Banks gains his skill from a combination of professional writing and teaching. Drawing upon the lessons of this dual background, he covers the topic admirably in its various facets, discussing not only the technical aspects of SF writing but also the sociological, historical, and political context within which the genre functions.

He gives enough "practical" material (reading lists, glossary, addresses) to make even uninformed observers of the genre feel comfortable. Pieces of short fiction. some written especially for this volume, illustrate the points covered in the various chapters, and material written in "plain talk" explains the various aspects of the genre in terms that all can understand and appreciate.
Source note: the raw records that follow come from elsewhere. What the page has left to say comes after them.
lemma card_Mset_lower_bound:
  fixes a :: "nat \<Rightarrow> nat" and x :: "real^'n::finite"
  assumes mono: "strict_mono_on {1..} a" and kappa: "0 < kappa_star x" and J: "0 \<le> g + int j"
  defines "N \<equiv> 2 ^ (CARD('n) * nat (g + int j)) :: nat"
  assumes freq: "u * real N < real (card {n \<in> {1..N}. fracv (real (a n) *\<^sub>R x) \<in> dyadic_cube g k})"
    and density: "v * real (a N) < real N" and "0 < u" "0 < v" "v \<le> 1"
  shows "kappa_star x ^ CARD('n) / (2 ^ CARD('n) * measure lborel (dyadic_cube g k)) * v * u
    \<le> 2 powr (- real CARD('n) * real j) * real (card (Mset (\<lambda>n. fracv (real (a n) *\<^sub>R x)) (dyadic_cube g k) j))"
proof -
  define d where "d = CARD('n)"
  define \<kappa> where "\<kappa> = kappa_star x ^ d"
  define L where "L = measure lborel (dyadic_cube g k :: (real^'n) set)"
  define M where "M = real (card (Mset (\<lambda>n. fracv (real (a n) *\<^sub>R x)) (dyadic_cube g k) j))"
  have d: "1 \<le> d"
    by (simp add: d_def Suc_le_eq)
  have \<kappa>: "0 < \<kappa>" "\<kappa> \<le> 1"
    using kappa kappa_star_le_half[of x] by (auto simp: \<kappa>_def intro: power_le_one)
  have L: "L = (2 powr (- real_of_int g)) ^ d"
    by (simp add: L_def d_def measure_dyadic_cube)
  then have "0 < L"
    by simp
  have "real (card {n \<in> {1..N}. fracv (real (a n) *\<^sub>R x) \<in> dyadic_cube g k})
      \<le> M * (real (a N) / (\<kappa> * real N) + 1)"
    using card_visits_le_card_Mset[OF mono kappa J] by (simp add: M_def \<kappa>_def d_def N_def)
  then have count: "u * v * \<kappa> * real N \<le> 2 * M"
    using covering_count_lower_bound freq density assms(7-9) \<kappa> by (simp add: M_def N_def)
  have scale: "2 powr (- real d * real j) * real N * L = 1"
    using J unfolding L N_def d_def
    by (simp add: powr_realpow[symmetric] powr_power powr_powr powr_add[symmetric] algebra_simps)
  have "\<kappa> / (2 ^ d * L) * v * u \<le> \<kappa> / (2 * L) * v * u"
    using \<open>0 < L\<close> \<kappa> assms(7,8) d
    by (intro mult_right_mono divide_left_mono mult_left_mono) (auto simp: Suc_le_eq[symmetric] self_le_power)
  also have "\<dots> = 2 powr (- real d * real j) * (u * v * \<kappa> * real N) / 2"
    using scale \<open>0 < L\<close> by (simp add: field_simps)
  also have "\<dots> \<le> 2 powr (- real d * real j) * M"
    using count by simp
  finally show ?thesis
    unfolding \<kappa>_def d_def L_def M_def .
qed

section \<open>Passage to the limit\<close>

lemma liminf_card_ratio_bounds:
  assumes "\<And>N. A N \<subseteq> {1..N}"
  shows "0 \<le> liminf (\<lambda>N. ereal (real (card (A N)) / real N))"
    and "liminf (\<lambda>N. ereal (real (card (A N)) / real N)) \<le> 1"
proof -
  show "0 \<le> liminf (\<lambda>N. ereal (real (card (A N)) / real N))"
    by (intro Liminf_bounded always_eventually) simp
  have "card (A N) \<le> N" for N
    using card_mono[OF _ assms[of N]] by simp
  then show "liminf (\<lambda>N. ereal (real (card (A N)) / real N)) \<le> 1"
    by (intro Liminf_le always_eventually) (auto simp: divide_le_eq_1)
qed

lemma lower_density_bounds:
  assumes "strict_mono_on {1..} a" "1 \<le> a 1"
  shows "0 \<le> lower_density a" "lower_density a \<le> 1"
proof -
  have "{n. 1 \<le> n \<and> a n \<le> N} \<subseteq> {1..N}" for N
    using strict_mono_on_ge_self[OF assms] by fastforce
  then show "0 \<le> lower_density a" "lower_density a \<le> 1"
    unfolding lower_density_def by (fact liminf_card_ratio_bounds)+
qed

lemma lower_freq_bounds: "0 \<le> lower_freq y c" "lower_freq y c \<le> 1"
proof -
  have "{n \<in> {1..N}. fracv (y n) \<in> c} \<subseteq> {1..N}" for N
    by auto
  then show "0 \<le> lower_freq y c" "lower_freq y c \<le> 1"
    unfolding lower_freq_def by (fact liminf_card_ratio_bounds)+
qed
lemma card_past_diff_feedback_le:
  assumes "t \<in> {1..T}" "i \<in> {1..M t}"
  shows "card (past t - S i t) \<le> \<tau> * Mmax T M"
proof -
  define D where "D = {s. 1 \<le> s \<and> s < t \<and> t \<le> s + \<tau>}"
  have "D \<subseteq> {t - \<tau>..<t}" by (auto simp: D_def)
  then have D: "finite D" "card D \<le> \<tau>"
    using finite_subset card_mono[of "{t - \<tau>..<t}" D] by auto
  have "past t - S i t \<subseteq> feedback_pairs M D"
    using delay[OF assms] by (fastforce simp: past_def feedback_pairs_def D_def)
  then have "card (past t - S i t) \<le> (\<Sum>s\<in>D. M s)"
    using card_mono[OF finite_feedback_pairs[OF D(1)]] card_feedback_pairs[OF D(1)] by metis
  also have "\<dots> \<le> (\<Sum>s\<in>D. Mmax T M)"
    using assms by (intro sum_mono agents_le_Mmax) (auto simp: D_def)
  also have "\<dots> \<le> \<tau> * Mmax T M"
    using D(2) by simp
  finally show ?thesis .
qed

definition feedback_gradient :: "nat \<Rightarrow> nat \<Rightarrow> 'v"
  where "feedback_gradient i t = (\<Sum>(j, s)\<in>S i t. g j s)"

lemma iterate_minimizer:
  assumes "t \<in> {1..T}" "i \<in> {1..M t}"
  shows "approx_minimizer X (\<lambda>z. feedback_gradient i t \<bullet> z + H z / eta (card (S i t))) 0 (x i t)"
  using dda[OF assms]
  by (simp add: approx_minimizer_def feedback_gradient_def stepsize_eq_eta inner_sum_left split_def)

lemma scaled_iterate_minimizer:
  assumes "t \<in> {1..T}" "i \<in> {1..M t}"
  shows "approx_minimizer X (\<lambda>z. (eta (card (S i t)) *\<^sub>R feedback_gradient i t) \<bullet> z + H z) 0 (x i t)"
  using approx_minimizer_scaleR[OF eta_pos iterate_minimizer[OF assms]] by simp

lemma feedback_gradient_inner_le:
  assumes "t \<in> {1..T}" "i \<in> {1..M t}"
  shows "\<bar>feedback_gradient i t \<bullet> v\<bar> \<le> real (card (S i t)) * G * nrm v"
  unfolding feedback_gradient_def
  using assms(1) feedback_subset_past[OF assms] by (intro past_gradient_inner_le) auto

lemma iterate_close_to_comparator:
  assumes "real (Ntot T M) < shift" "t \<in> {1..T}" "i \<in> {1..M t}"
  shows "nrm (x i t - p) \<le> 6 * r"
proof -
  define \<sigma> where "\<sigma> = real (card (S i t))"
  define \<theta> where "\<theta> = eta \<sigma> *\<^sub>R feedback_gradient i t"
  let ?d = "nrm (x i t - p)"
  have "\<sigma> \<le> scale"
    using card_feedback_le_past[OF assms(2,3)] card_past_le_Ntot[of t] assms shift_le_scale
    by (simp add: \<sigma>_def)
  have "\<theta> \<bullet> x i t + H (x i t) / 1 - 2 * 0 + (nrm (p - x i t))\<^sup>2 / (4 * 1) \<le> \<theta> \<bullet> p + H p / 1"
    by (rule approx_minimizer_quadratic_growth[OF convex_X H_strongly_convex _ _ comparator(1)])
      (use scaled_iterate_minimizer[OF assms(2,3)] in \<open>simp_all add: \<theta>_def \<sigma>_def\<close>)
  moreover have "\<bar>\<theta> \<bullet> (p - x i t)\<bar> \<le> r * ?d"
  proof -
    have "\<bar>\<theta> \<bullet> (p - x i t)\<bar> \<le> eta \<sigma> * (\<sigma> * G * ?d)"
      using feedback_gradient_inner_le[OF assms(2,3), of "p - x i t"] eta_pos[of \<sigma>]
        is_norm_minus_commute[OF norm, of p "x i t"]
      by (simp add: \<theta>_def \<sigma>_def abs_mult mult_left_mono)
    also have "\<dots> = (\<sigma> * (G * eta \<sigma>)) * ?d" by simp
    also have "\<dots> \<le> r * ?d"
      using card_mult_G_eta_le[OF _ \<open>\<sigma> \<le> scale\<close>] is_norm_nonneg[OF norm]
      by (intro mult_right_mono) (auto simp: \<sigma>_def)
    finally show ?thesis .
  qed
  ultimately have "?d\<^sup>2 \<le> 2 * (2 * r) * ?d + 4 * r\<^sup>2"
    using H_nonneg[of "x i t"] H_comparator is_norm_minus_commute[OF norm, of p "x i t"]
    by (simp add: inner_diff_right)
  then have "?d \<le> 2 * (2 * r) + 2 * sqrt (r\<^sup>2)"
    using r_pos by (intro le_sqrt_of_sq_le) auto
  then show ?thesis using r_pos by simp
qed

lemma regret_bound_short_horizon:
  assumes "real (Ntot T M) < shift"
  shows "coll_regret T M f x jt p \<le> 6 * r * G * sqrt (shift * real (Ntot T M))"
proof -
  have "f i t (x (jt t) t) - f i t p \<le> 6 * r * G" if "t \<in> {1..T}" "i \<in> {1..M t}" for t i
  proof -
    have "f i t (x (jt t) t) - f i t p \<le> G * nrm (x (jt t) t - p)"
      using lipschitz[OF that] by (simp add: lipschitz_wrt_def abs_le_iff)
    also have "\<dots> \<le> G * (6 * r)"
      using iterate_close_to_comparator[OF assms that(1) reference_agents[OF that(1)]] G_pos by simp
    finally show ?thesis by (simp add: mult_ac)
  qed
  then have "coll_regret T M f x jt p \<le> (\<Sum>t=1..T. \<Sum>i=1..M t. 6 * r * G)"
    unfolding regret_eq_sum by (intro sum_mono) auto
  also have "\<dots> = 6 * r * G * real (Ntot T M)"
    by (simp add: Ntot_def sum_distrib_left mult.commute)
  also have "\<dots> \<le> 6 * r * G * sqrt (shift * real (Ntot T M))"
  proof -
    have "real (Ntot T M) * real (Ntot T M) \<le> shift * real (Ntot T M)"
      using assms by (intro mult_right_mono) auto
    then have "real (Ntot T M) \<le> sqrt (shift * real (Ntot T M))"
      using real_sqrt_le_mono by fastforce
    then show ?thesis using r_pos G_pos by simp
  qed
  finally show ?thesis .
qed

definition round_gradient :: "nat \<Rightarrow> 'v"
  where "round_gradient t = (\<Sum>i=1..M t. g i t)"

definition past_gradient :: "nat \<Rightarrow> 'v"
  where "past_gradient t = (\<Sum>(j, s)\<in>past t. g j s)"

definition leader_rate :: "nat \<Rightarrow> real"
  where "leader_rate t = eta (real (card (past t)))"

definition leader :: "nat \<Rightarrow> 'v"
  where "leader t = (SOME y. approx_minimizer X
    (\<lambda>z. past_gradient t \<bullet> z + H z / leader_rate t) (G\<^sup>2 * leader_rate t) y)"

lemma past_gradient_eq_sum: "past_gradient t = (\<Sum>s\<in>{1..<t}. round_gradient s)"
  by (simp add: past_gradient_def past_def round_gradient_def sum_feedback_pairs)

lemma leader_rate_pos: "0 < leader_rate t"
  by (simp add: leader_rate_def eta_pos)

lemma leader_rate_antimono: "leader_rate (Suc t) \<le> leader_rate t"
  unfolding leader_rate_def using card_past_mono by (intro eta_antimono) auto

lemma leader_minimizer:
  assumes "t \<le> Suc T"
  shows "approx_minimizer X (\<lambda>z. past_gradient t \<bullet> z + H z / leader_rate t) (G\<^sup>2 * leader_rate t) (leader t)"
proof -
  have "\<exists>y. approx_minimizer X (\<lambda>z. past_gradient t \<bullet> z + H z / leader_rate t) (G\<^sup>2 * leader_rate t) y"
  proof (rule regularized_linear_approx_minimizer_exists
      [OF H_strongly_convex H_nonneg leader_rate_pos _ _ mult_pos_pos])
    show "X \<noteq> {}" using comparator(1) by blast
    show "\<bar>past_gradient t \<bullet> v\<bar> \<le> real (card (past t)) * G * nrm v" for v
      unfolding past_gradient_def using assms by (rule past_gradient_inner_le) simp
  qed (use G_pos leader_rate_pos in auto)
  then show ?thesis
    unfolding leader_def by (rule someI_ex)
qed

lemma round_gradient_inner_le:
  assumes "t \<in> {1..T}"
  shows "\<bar>round_gradient t \<bullet> v\<bar> \<le> real (M t) * G * nrm v"
  unfolding round_gradient_def
  using inner_sum_abs_le[of "{1..M t}" "\<lambda>i. g i t" v G "nrm v"]
    subgradient_inner_le[OF norm lipschitz[OF assms] subgradient[OF assms]] by simp

lemma leader_regret_le:
  "(\<Sum>t=1..T. round_gradient t \<bullet> (leader t - p))
    \<le> r\<^sup>2 / leader_rate (Suc T)
      + (\<Sum>t=1..T. 2 * (G\<^sup>2 * leader_rate t) + leader_rate t * (real (M t) * G)\<^sup>2)"
proof -
  have "(\<Sum>t=1..T. round_gradient t \<bullet> (leader t - p))
      \<le> H p / leader_rate (Suc T)
        + (\<Sum>t=1..T. 2 * (G\<^sup>2 * leader_rate t) + leader_rate t * (real (M t) * G)\<^sup>2)"
  proof (rule approx_leader_regret_bound[where \<beta> = leader_rate and l = round_gradient and a = "\<lambda>t. real (M t) * G",
        OF convex_X H_strongly_convex H_nonneg leader_rate_pos leader_rate_antimono
        round_gradient_inner_le _ comparator(1)])
    show "approx_minimizer X (\<lambda>z. (\<Sum>s\<in>{1..<t}. round_gradient s) \<bullet> z + H z / leader_rate t)
        (G\<^sup>2 * leader_rate t) (leader t)" if "t \<in> {1..T}" for t
      using leader_minimizer[of t] that by (simp add: past_gradient_eq_sum)
  qed
  also have "H p / leader_rate (Suc T) \<le> r\<^sup>2 / leader_rate (Suc T)"
    using H_comparator leader_rate_pos by (rule divide_right_mono[OF _ less_imp_le])
  finally show ?thesis by simp
qed

lemma card_past_minus_feedback_le:
  assumes "t \<in> {1..T}" "i \<in> {1..M t}"
  shows "real (card (past t)) - real (card (S i t)) \<le> real \<tau> * real (Mmax T M)"
proof -
  have "card (past t) - card (S i t) \<le> \<tau> * Mmax T M"
    using card_past_diff_feedback_le[OF assms]
      card_Diff_subset[OF finite_subset[OF feedback_subset_past[OF assms] finite_past]
        feedback_subset_past[OF assms]]
    by simp
  then show ?thesis
    using card_feedback_le_past[OF assms] by (simp add: of_nat_diff flip: of_nat_mult)
qed

lemma missing_gradient_inner_le:
  assumes "t \<in> {1..T}" "i \<in> {1..M t}"
  shows "\<bar>(\<Sum>(j, s)\<in>past t - S i t. g j s) \<bullet> v\<bar> \<le> real \<tau> * real (Mmax T M) * G * nrm v"
proof -
  have "\<bar>(\<Sum>(j, s)\<in>past t - S i t. g j s) \<bullet> v\<bar> \<le> real (card (past t - S i t)) * G * nrm v"
    by (rule past_gradient_inner_le[of t]) (use assms(1) in auto)
  also have "\<dots> \<le> real \<tau> * real (Mmax T M) * G * nrm v"
    using card_past_diff_feedback_le[OF assms] G_pos is_norm_nonneg[OF norm, of v]
    by (intro mult_right_mono) (auto simp flip: of_nat_mult)
  finally show ?thesis .
qed

lemma leader_rate_le_eta: "t \<in> {1..T} \<Longrightarrow> i \<in> {1..M t} \<Longrightarrow> leader_rate t \<le> eta (card (S i t))"
  unfolding leader_rate_def using card_feedback_le_past by (intro eta_antimono) auto

lemma rate_gap_mult_card_le:
  assumes "t \<in> {1..T}" "i \<in> {1..M t}"
  shows "(eta (card (S i t)) - leader_rate t) * card (S i t) \<le> real \<tau> * real (Mmax T M) * leader_rate t"
proof -
  have "(eta (card (S i t)) - leader_rate t) * card (S i t)
      \<le> (real (card (past t)) - card (S i t)) * leader_rate t"
    using eta_diff_mult_le[of "real (card (S i t))" "real (card (past t))"] card_feedback_le_past[OF assms]
    by (simp add: leader_rate_def)
  also have "\<dots> \<le> real \<tau> * real (Mmax T M) * leader_rate t"
    using card_past_minus_feedback_le[OF assms] leader_rate_pos[of t] by (intro mult_right_mono) auto
  finally show ?thesis .
qed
This is not to say, however that Understanding Science Fiction operates at a low level of academic competence. It is, in fact, very good at presenting both the mechanics and the cultural setting of SF to serious students as well as to a general audience. The book's straightforward style belies the author's sophisticated understanding of the genre, while his teaching experience surfaces in the lively approach with which the material is presented.

--C. Bruce Hunter


Orbites, a Quarterly edited by Daniel Riche and Gérard Klein. Paris: Nouvelles Editions Oswald, 1982. 200 p. each issue. FF39.00.--This is a new journal published in France by two major SF writers and editors. After a number of failed attempts at launching a quality journal of SF, we do hope that the new formula will be successful. In its second issue Orbites published a number of short stories by Moorcock, Matheson, Robert F. Young, and Scott Baker. Half of the issue is devoted to critical surveys (on heroic fantasy in this case), notes, and reviews.

Jacques Bisceglia (with the help of Roland Buret for SF) Trésors du roman policier, de la science-fiction et du fantastique: catalogue encyclopedique Paris: Les Editions de l'amateur, 1981. 431p. FF135.00.--This bibliographical catalogue attempts to provide a complete listing of all that has ever been published in French in detective fiction' SF, and fantasy. The authors do recognize that this compilation of 25,000 titles or so, with a grouping by series and publishers, still presents gaps and errors. As it stands, however, their work is a mine of information that will be welcomed by collectors and second-hand booksellers as well as by university scholars. An average price on the second-hand bookmarket is provided where possible.

Koinos Kosmos, edited by Klaus Johansen. Odense, no. 2:1982. US $1.00 per issue.--This fanzine, published in English by a Danish fan, Mr. Klaus Johansen (Godthäbsgade 61/ 5000 Odense C./Denmark) stands unique in its kind for exclusively publishing critical texts on Philip K. Dick. In issue number two, an interesting polemic between Stanislaw Lem and O. Terlecki pro and against Dick has been translated.

"Special Uchronie," Imagine..., Montréal, no. 14:1982. 171p. Can. $5.00.--This is an excellent special issue of this journal, dealing with alternative future romances, a subgenre of SF that is examined in a dozen interesting essays. For information write to: J.M. Gouanvic/403 west, St.-Joseph, #21/Montréal. Ouébec/Canada H2V 2P3.

R. Reginald. Science Fiction & Fantasy Awards. First Edition. San Bernardino CA: Borgo Press ["The Borgo Reference Library," Vol. 21, 1981. 64p. $8.95 cloth, $2.95 paper.--This booklet contains a complete listing of all awards related to SF and SF film through the end of 1981, not only the American awards but also the major foreign ones.